Добежим до юности

Людмила Роздильская Шварцер
        Зимний вечер. Дождь, снег, ветер. Сажусь в маршрутку. Напротив меня женщина. Полная, немолодая. На её брезгливо сжатые губы яркой помадой наложено изображение других губ, пухлых и игривых. Нос бесформенный. Щедро накрашены глаза. Пухлые щёки. Взгляд цепкий, но безразличный. Одета с дешёвым шиком: дублёнка, из под неё выглядывает юбка со стразами, на голову нахлобучена меховая шапка из чернобурки.

      Зовут её, допустим, Клавдия. Успешный бухгалтер. Ни с кем не дружит. С невесткой сдержанна. К мужу лояльна. Собой довольна. Но к такой по-соседски не придешь попить кофе или покурить. Сидит грозным и величественным сфинксом. А рядом приютился маленький человечек. Обтрёпанная курточка, поношенная шапочка. На ногах ветхие кроссовки и джинсы. Горло обмотано новым пёстрым шарфом. В руках такие же варежки. Временами засыпает и вскидывает голову. Когда он в очередной раз испуганно просыпается, я вижу его глаза – голубые, большие, в обрамлении морщин. Маленький правильный носик, красиво очерченный рот.
На перекрестках склеротический желтый глаз светофора. Людей бросает из стороны в сторону. Все злы, усталы. А Клавдия громко кричит водителю:
– На «Юности» остановите!

         Маленький человечек просыпается и расплывается в широкой улыбке. И я вижу два его одиноких желтых зуба:
– А что, – говорит он, – вы правда можете остановить на юности? И мечтательно:
– Я тоже хочу сойти на юности…


       Это экстрасенс. И я представляю: институт, водка, женщины, утерянные диссертация и квартира. Зато открыл для себя «связь с космосом» и сверхъестественные способности. Рукавички и шарфик связала сердобольная первая жена. Едет к безнадёжному больному.
И мне захотелось тоже сойти на юности, связать экстрасенсу новую шапочку и отдать сапоги моего выросшего сына.

           Втроем мы сошли на дворце молодёжи «Юность». Завывало. Машины нервно неслись по дороге. Только рекламные щиты продолжали улыбаться и восклицать. Мужчина брёл по лужам, но вдруг остановился и, задрав голову к сумасшедшему небу, закричал:
– Боже! Ведь мне для себя ничего не надо! Дай мне только лечить людей!

        Клавдия раскрыла цветастый зонт. И вдруг у неё сжалось сердце. Стёклышки мозаики сложились, и она вспомнила… Время – на границе дня и ночи. Медовый свет, мягкие тени. Она едет на велосипеде с первым красавцем школы, Стасом. Доверчиво прижимаясь к его гибкой спине, старается стать незаметной, чтоб ничто не мешало её счастью.

        Крепкими руками она держит над собой зонт. Смотрит на жалкую фигурку, комично воюющую со стихией, и кричит:
– Ста-а-ас! Он не слышит. Нахохлился и, не разбирая дороги, пошёл только по ему ведомой кривой жизни. А она продолжает стоять каменной бабой. Зонт вывернуло ветром. По щекам текут чёрные слёзы. Если б они могли растворить весь душевный шлак! Клавдия комично затопала толстыми ногами. Сложила зонт.
– Ничего, ну ничего, ладно, я сейчас, – резко развернулась и быстро ушла в дождь и снег.

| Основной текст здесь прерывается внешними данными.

lemma eisenstein_norm_halves:
  fixes a b c d :: int
  assumes "a + b = 2 * c" "3 * a - b = 2 * d"
  shows "3 * c * c + d * d = 3 * a * a + b * b"
proof -
  have "4 * (3 * c * c + d * d) = 3 * (a + b) * (a + b) + (3 * a - b) * (3 * a - b)"
    unfolding assms by (simp add: algebra_simps)
  then show ?thesis
    by (simp add: algebra_simps)
qed

lemma odd_reps_snd_ne: "(a, b) \<in> odd_reps N \<Longrightarrow> \<not> 3 dvd N \<Longrightarrow> b \<noteq> 3 * a"
  unfolding odd_reps_def by auto

lemma eisenstein_twist_plus:
  assumes ab: "(a, b) \<in> odd_reps N" and N: "\<not> 3 dvd N" and mod4: "(a + b) mod 4 = 2"
  shows "eisenstein_twist (a, b) \<in> odd_reps N \<and> eisenstein_twist (eisenstein_twist (a, b)) = (a, b)
    \<and> (eisenstein_twist (a, b) = (a, b) \<longleftrightarrow> a = b)"
proof -
  from ab have a: "a > 0" "b > 0" "odd a" "odd b" and norm: "3 * a * a + b * b = N"
    by (auto simp: odd_reps_def)
  have "even (a + b)" "even (3 * a - b)"
    using a(3,4) by simp_all
  then obtain c d where c: "a + b = 2 * c" and d: "3 * a - b = 2 * d"
    by (meson evenE)
  have twist: "eisenstein_twist (a, b) = (c, \<bar>d\<bar>)"
    by (rule eisenstein_twist_eq_plus[OF mod4 c d])
  have cd: "c + d = 2 * a" "3 * c - d = 2 * b"
    using c d by linarith+
  have "odd c"
    using mod4 c by presburger
  moreover have "odd d"
    using \<open>odd c\<close> cd(1) by presburger
  moreover have "c > 0" "d \<noteq> 0"
    using a c d odd_reps_snd_ne[OF ab N] by linarith+
  moreover have "3 * c * c + \<bar>d\<bar> * \<bar>d\<bar> = N"
    using eisenstein_norm_halves[OF c d] norm by simp
  ultimately have "(c, \<bar>d\<bar>) \<in> odd_reps N"
    by (simp add: odd_reps_def)
  moreover have "eisenstein_twist (c, \<bar>d\<bar>) = (a, b)"
  proof (cases "d > 0")
    case True
    have "c + \<bar>d\<bar> = 2 * a"
      using True cd(1) by simp
    then have "(c + \<bar>d\<bar>) mod 4 = 2"
      using a(3) by presburger
    then show ?thesis
      using eisenstein_twist_eq_plus[of c "\<bar>d\<bar>" a b] True cd a by simp
  next
    case False
    have "c - d = b - a"
      using c d by linarith
    then have "(c + \<bar>d\<bar>) mod 4 \<noteq> 2"
      using False mod4 a(3) by presburger
    then show ?thesis
      using eisenstein_twist_eq_minus[of c "\<bar>d\<bar>" a b] False cd a by simp
  qed
  moreover have "(c, \<bar>d\<bar>) = (a, b) \<longleftrightarrow> a = b"
    using c d a(1) by auto
  ultimately show ?thesis
    using twist by auto
qed

lemma eisenstein_twist_minus:
  assumes ab: "(a, b) \<in> odd_reps N" and N: "\<not> 3 dvd N" and mod4: "(a + b) mod 4 \<noteq> 2"
  shows "eisenstein_twist (a, b) \<in> odd_reps N \<and> eisenstein_twist (eisenstein_twist (a, b)) = (a, b)
    \<and> eisenstein_twist (a, b) \<noteq> (a, b) \<and> a \<noteq> b"
proof -
  from ab have a: "a > 0" "b > 0" "odd a" "odd b" and norm: "3 * a * a + b * b = N"
    by (auto simp: odd_reps_def)
  have "(a + b) mod 4 = 0"
    using a(3,4) mod4 by presburger
  have "even (a - b)" "even (3 * a + b)"
    using a(3,4) by simp_all
  then obtain u v where u: "a - b = 2 * u" and v: "3 * a + b = 2 * v"
    by (meson evenE)
  have twist: "eisenstein_twist (a, b) = (\<bar>u\<bar>, v)"
    by (rule eisenstein_twist_eq_minus[OF mod4 u v])
  have uv: "u + v = 2 * a" "3 * u - v = 2 * (- b)" "v - u = a + b"
    using u v by linarith+
  have "odd u"
    using \<open>(a + b) mod 4 = 0\<close> a(4) u by presburger
  moreover have "odd v"
    using \<open>odd u\<close> uv(1) by presburger
  moreover have "v > 0"
    using a v by linarith
  moreover have "3 * \<bar>u\<bar> * \<bar>u\<bar> + v * v = N"
    using eisenstein_norm_halves[of a "- b" u v] u v norm by simp
  ultimately have "(\<bar>u\<bar>, v) \<in> odd_reps N"
    by (auto simp: odd_reps_def)
  moreover have "eisenstein_twist (\<bar>u\<bar>, v) = (a, b)"
  proof (cases "u > 0")
    case True
    have "(\<bar>u\<bar> + v) mod 4 = 2"
      using True uv(1) a(3) by presburger
    then show ?thesis
      using eisenstein_twist_eq_plus[of "\<bar>u\<bar>" v a "- b"] True uv a by simp
  next
    case False
    have "(\<bar>u\<bar> + v) mod 4 \<noteq> 2"
      using False uv(3) \<open>(a + b) mod 4 = 0\<close> by simp
    then show ?thesis
      using eisenstein_twist_eq_minus[of "\<bar>u\<bar>" v "- a" b] False uv a by simp
  qed
  moreover have "v \<noteq> b"
    using odd_reps_snd_ne[OF ab N] v by linarith
  moreover have "a \<noteq> b"
    using \<open>odd u\<close> u by auto
  ultimately show ?thesis
    using twist by auto
qed

lemma eisenstein_twist_involution:
  assumes "x \<in> odd_reps N" "\<not> 3 dvd N"
  shows "eisenstein_twist x \<in> odd_reps N \<and> eisenstein_twist (eisenstein_twist x) = x
    \<and> (eisenstein_twist x = x \<longleftrightarrow> fst x = snd x)"
  using assms eisenstein_twist_plus[of "fst x" "snd x" N] eisenstein_twist_minus[of "fst x" "snd x" N]
  by (cases "(fst x + snd x) mod 4 = 2") auto

definition pent_root :: "int \<Rightarrow> int" where
  "pent_root j = \<bar>6 * j - 1\<bar>"

lemma pent_root_square: "pent_root j * pent_root j = 24 * int (pentagonal j) + 1"
  using pentagonal_double[of j] by (simp add: pent_root_def algebra_simps)

lemma pent_root_inj: "pent_root j = pent_root j' \<Longrightarrow> j = j'"
  unfolding pent_root_def abs_eq_iff by presburger

lemma pent_root_pos: "pent_root j > 0"
  unfolding pent_root_def by presburger

lemma pent_root_odd: "odd (pent_root j)"
  unfolding pent_root_def by presburger

lemma pent_root_surj:
  assumes "b > 0" "odd b" "\<not> 3 dvd b"
  shows "\<exists>j. pent_root j = b"
proof (cases "b mod 6 = 5")
  case True
  then have "6 * ((b + 1) div 6) - 1 = b"
    by presburger
  then have "pent_root ((b + 1) div 6) = b"
    using assms(1) by (simp add: pent_root_def)
  then show ?thesis ..
next
  case False
  then have "b mod 6 = 1"
    using assms(2,3) by presburger
  then have "6 * ((1 - b) div 6) - 1 = - b"
    by presburger
  then have "pent_root ((1 - b) div 6) = b"
    using assms(1) by (simp add: pent_root_def)
  then show ?thesis ..
qed

lemma odd_square_eq_triangular: "(2 * int k + 1) * (2 * int k + 1) = 8 * int (triangular k) + 1"
  using triangular_double[of k] by (simp add: algebra_simps)

lemma norm_odd_pent_root:
  "3 * (2 * int k + 1) * (2 * int k + 1) + pent_root j * pent_root j
     = 24 * (int (pentagonal j) + int (triangular k)) + 4"
  using odd_square_eq_triangular[of k] pent_root_square[of j] by (simp add: algebra_simps)

lemma finite_odd_reps: "finite (odd_reps N)"
proof (rule finite_subset)
  show "odd_reps N \<subseteq> {0..N} \<times> {0..N}"
  proof
    fix x assume "x \<in> odd_reps N"
    then obtain a b where x: "x = (a, b)" "a > 0" "b > 0" "3 * a * a + b * b = N"
      by (auto simp: odd_reps_def)
    have "a \<le> a * a" "b \<le> b * b" "0 \<le> a * a" "0 \<le> b * b"
      using x by (simp_all add: mult_le_cancel_left1)
    then have "a \<le> N" "b \<le> N"
      using x by linarith+
    then show "x \<in> {0..N} \<times> {0..N}"
      using x by auto
  qed
qed simp

lemma odd_reps_24_not_3_dvd:
  assumes "3 * a * a + b * b = 24 * int n + 4"
  shows "\<not> 3 dvd (b :: int)"
proof
  assume "3 dvd b"
  then obtain t where "b = 3 * t" ..
  then have "3 dvd 24 * int n + 4"
    using assms by (metis dvd_add dvd_mult_left dvd_refl)
  then show False
    by presburger
qed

          Она уже думала не о Стасе, а о курицах. Ей, маленькой, рассказывала смешливая бабушка:
– Коли стара несушка, так закрою её в сарае. За 3 дня она перепужается и перья сбросит. Но обрастают перья, новые да блестящие. И яйца начинает нести, пуще молодой. Ну, яйца Клавдия нести больше не собиралась, но перепугалась здорово. Разве жизнь уже прошла?

          И я тоже подпала под злое очарование момента. Поэтому на следующий день записалась к маникюрше, педикюрше и в тренажёрный зал. Именно там, на соседней беговой дорожке, я увидела потную Клавдию. Она бежала свой первый километр. Добежим до юности, а, Клавдия?